A federal appeals court ruled on Tuesday that the structure of the U.S. agency charged with guarding consumers' finances is unconstitutional, fueling an election-year political fight over one of the signature government responses to the 2007-09 financial crisis.This is a seriously f%$#ed up ruling that is akin to the courts rulings in the early 20th century striking down wage, hour, and safety legislation on the basis of a imaginary "Right of Free Contract"*.
The U.S. Court of Appeals for the District of Columbia Circuit threw out a $109 million penalty against PHH Corp in 2014, saying the structure of the Consumer Financial Protection Bureau gives its sole director too much power.

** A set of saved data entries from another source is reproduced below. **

(* Let $M\subsetneq F$ be a graded submodule, $\prec$ a monomial order on $F$, and $G$ a homogeneous Gröbner basis of $M$ with respect to $\prec$. Then $N_M$ admits an $l$-standard cone decomposition $Q$ such that \[ G'=\{g\in G:\deg(g)\le\max\{1+\deg(Q),\,l\}\} \] is also a Gröbner basis of $M$ with respect to $\prec$. In particular, the reduced Gröbner basis of $M$ with respect to $\prec$ has degree at most $\max\{1+\deg(Q),l\}$.
   Context: Standing notation. $S=\mathbb{K}[x_1,\dots,x_n]$ is standard graded, and $F=Se_1\oplus\cdots\oplus Se_m$ is a graded free module with $\deg(e_j)\ge0$ integers; $l=\max_j\deg(e_j)$. Monomials of $F$ are $x^\alpha e_j$ of degree $|\alpha|+\deg(e_j)$. For a monomial order $\prec$ and a submodule $M$, $N_M$ is the $\mathbb{K}$-span of the monomials of $F$ not in $\mathrm{in}_\prec(M)$. Cones. For a homogeneous $h\in F$ and $u\subseteq\{x_1,\dots,x_n\}$, the cone $C(h,u)=h\,\mathbb{K}[u]$ has degree $\deg(h)$ and dimension $|u|$. A cone decomposition of a $\mathbb{K}$-subspace $T\subseteq F$ is a finite set $P$ of cones with $T=\bigoplus_{C\in P}C$ as $\mathbb{K}$-vector spaces; $\deg(P)=\max_{C\in P}\deg(C)$, and $P^+=\{C\in P:\dim C>0\}$. $P$ is $q$-standard if (1) no $C\in P^+$ has $\deg(C)<q$, and (2) for every $C\in P^+$ and every integer $d$ with $q\le d\le\deg(C)$ there is $C'\in P$ with $\deg(C')=d$ and $\dim(C')\ge\dim(C)$. *)

theory Defs
  imports "HOL-Library.Poly_Mapping"
begin

text \<open>
  The variables x_1,...,x_n are the elements of a finite type 'v.
  A monomial of S = K[x_1..x_n] is an exponent vector ('v to nat, finitely supported).
  The basis vectors e_1,...,e_m of F are the elements of a finite type 'j,
  with degrees given by d :: 'j \<Rightarrow> nat.  A monomial x^a e_j of F is the pair (a, j).
  Polynomials of S are finitely supported maps (monomial to K), and
  elements of F are finitely supported maps (monomial of F to K).
\<close>

type_synonym 'v mon = "'v \<Rightarrow>\<^sub>0 nat"
type_synonym ('v, 'j) fterm = "('v \<Rightarrow>\<^sub>0 nat) \<times> 'j"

The three-judge panel, though, also sought to remedy the problem by giving the president the power to fire the director, which it said made the position similar to the Attorney General and other constitutionally sanctioned agency heads who answer to the White House.
"The CFPB has dodged the biggest bullet, which is to be declared unconstitutional and have all its prior rules and regulations voided," said Andrew Sandler, chairman of BuckleySandler law firm.
But he added "lawyers will be looking hard," at past agency decisions.
The CFPB is expected to request the entire appeals court conduct an "en banc" review of the case. The losing side will likely appeal to the Supreme Court.
As near as I can figure out, this ruling might technically provide a precedent for restructuring the Federal Reserve, but that's the glass half full view.
Here's hoping that the court hears an en banc appeal, and overturns this truly incoherent ruling.
*Lochner v. New York, which affirmed the right of an employer to work his employee to death.